Index(['Surrogate Keys', 'day', 'month', 'year', 'season', 'day_of_week',
       'City', 'State', 'Population', 'Population Density', 'Timezone',
       'Area Code', 'tmax', 'tmin', 'prcp', 'ID', 'Scale Type', 'Status',
       'NO2 Mean', 'CO Mean', 'SO2 Mean', 'O3 Mean', 'PM2.5 Mean', 'PM10 Mean',
       'Category_x', 'Visibility Range', 'Date', 'Unnamed: 0', 'CBSA Code',
       'AQI', 'Category_y'],
      dtype='object')


In [None]:
final_df = final_df.drop(['CBSA Code','Unnamed: 0',"Category_y"],axis=1)


This method is for obtaining the AQHI (air quality health index) values based on the AQI (air quality index) values. AQI communicates the air quality of the single worst pollutant.
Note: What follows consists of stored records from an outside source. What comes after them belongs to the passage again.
(* Let $G=(V,E)$ be a graph on $n$ vertices, $w$ a legal weight assignment for $G$, $0<\beta<1$, and $(z_v)_{v\in V}$ complex activities with $|z_v|\ge1$ for all $v$, such that $Z_w(G)\neq0$. Then $\Re\left(\frac{\mathcal{D}_GZ_w(G)}{Z_w(G)}\right)\ge \frac n2$.
   Context: A weight assignment $w:V\to\mathbb{Z}_{>0}$ is legal if $w(v)\ge\deg(v)$ for every $v$. $Z_w(G)=\sum_{\sigma\in\{+,-\}^V}\beta^{d(\sigma)}\prod_{v:\sigma(v)=+}z_v^{w(v)}$, where $d(\sigma)$ is the number of edges $\{u,v\}$ with $\sigma(u)\ne\sigma(v)$, and $\mathcal{D}_G=\sum_{v\in V}z_v\frac{\partial}{\partial z_v}$. *)

theory Defs
  imports "HOL-Analysis.Analysis"
begin

definition simple_graph :: "'a set \<Rightarrow> 'a set set \<Rightarrow> bool" where
  "simple_graph V E \<longleftrightarrow> finite V \<and> (\<forall>e\<in>E. e \<subseteq> V \<and> card e = 2)"

definition degree :: "'a set set \<Rightarrow> 'a \<Rightarrow> nat" where
  "degree E v = card {e\<in>E. v \<in> e}"

definition legal_weight :: "'a set \<Rightarrow> 'a set set \<Rightarrow> ('a \<Rightarrow> nat) \<Rightarrow> bool" where
  "legal_weight V E w \<longleftrightarrow> (\<forall>v\<in>V. 0 < w v \<and> degree E v \<le> w v)"

text \<open>A sign configuration sigma is encoded by the set S of vertices with sign +.
  cut_size E S = number of edges whose endpoints receive different signs.\<close>
definition cut_size :: "'a set set \<Rightarrow> 'a set \<Rightarrow> nat" where
  "cut_size E S = card {e\<in>E. e \<inter> S \<noteq> {} \<and> e - S \<noteq> {}}"

definition Zw :: "'a set \<Rightarrow> 'a set set \<Rightarrow> ('a \<Rightarrow> nat) \<Rightarrow> real \<Rightarrow> ('a \<Rightarrow> complex) \<Rightarrow> complex" where
  "Zw V E w \<beta> z = (\<Sum>S\<in>Pow V. complex_of_real (\<beta> ^ cut_size E S) * (\<Prod>v\<in>S. z v ^ w v))"

definition DG :: "'a set \<Rightarrow> (('a \<Rightarrow> complex) \<Rightarrow> complex) \<Rightarrow> ('a \<Rightarrow> complex) \<Rightarrow> complex" where
  "DG V F z = (\<Sum>v\<in>V. z v * deriv (\<lambda>t. F (z(v := t))) (z v))"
The index rating for the new AQHI is the sum of the health risks from each of the pollutants in the index.

In [None]:
def getAQHi(n):
    if(n >= 0 and n <= 50):
        return 0
    if(n >= 51 and n <= 100):
        return 1
    if(n >= 101 and n <= 150):
        return 2
    else:
        return 3

In [None]:
final_df["AQHI"]  = final_df['AQI'].apply(getAQHi)

In [None]:
final_df = final_df.rename(columns={'Category_x':"Category"})
final_df = final_df.drop("Date",axis=1)
final_df.head()

Unnamed: 0,Surrogate Keys,day,month,year,season,day_of_week,City,State,Population,Population Density,...,NO2 Mean,CO Mean,SO2 Mean,O3 Mean,PM2.5 Mean,PM10 Mean,Category,Visibility Range,AQI,AQHI
0,1,1,1,1980,Winter,Tuesday,Dallas,Texas,5910669,1522.0,...,0.0,1.20625,0.002083,0.020117,0.015688,0.024,Moderate,10.0,51,1
1,2,2,1,1980,Winter,Wednesday,Dallas,Texas,5910669,1522.0,...,0.03,1.571667,0.0015,0.011064,0.015688,0.024,Moderate,10.0,57,1
2,3,3,1,1980,Winter,Thursday,Dallas,Texas,5910669,1522.0,...,0.066957,1.549185,0.0,0.008588,0.015688,0.024,Good,20.0,36,0
3,4,4,1,1980,Winter,Friday,Dallas,Texas,5910669,1522.0,...,0.038636,1.038095,0.0,0.007403,0.015688,0.024,Good,20.0,38,0
4,5,5,1,1980,Winter,Saturday,Dallas,Texas,5910669,1522.0,...,0.0,0.6375,0.0,0.006442,0.015688,0.024,Good,20.0,38,0


In [None]:
final_df.columns

Index(['Surrogate Keys', 'day', 'month', 'year', 'season', 'day_of_week',
       'City', 'State', 'Population', 'Population Density', 'Timezone',
       'Area Code', 'tmax', 'tmin', 'prcp', 'ID', 'Scale Type', 'Status',
       'NO2 Mean', 'CO Mean', 'SO2 Mean', 'O3 Mean', 'PM2.5 Mean', 'PM10 Mean',
       'Category', 'Visibility Range', 'AQI', 'AQHI'],
      dtype='object')

In [None]:
final_df.to_csv("Data_Staging.csv",index=False)

The final dataframe `final_df` is now converted into its `.csv` couterpart (`Data_Staging.csv`) to be used to load in the database instance.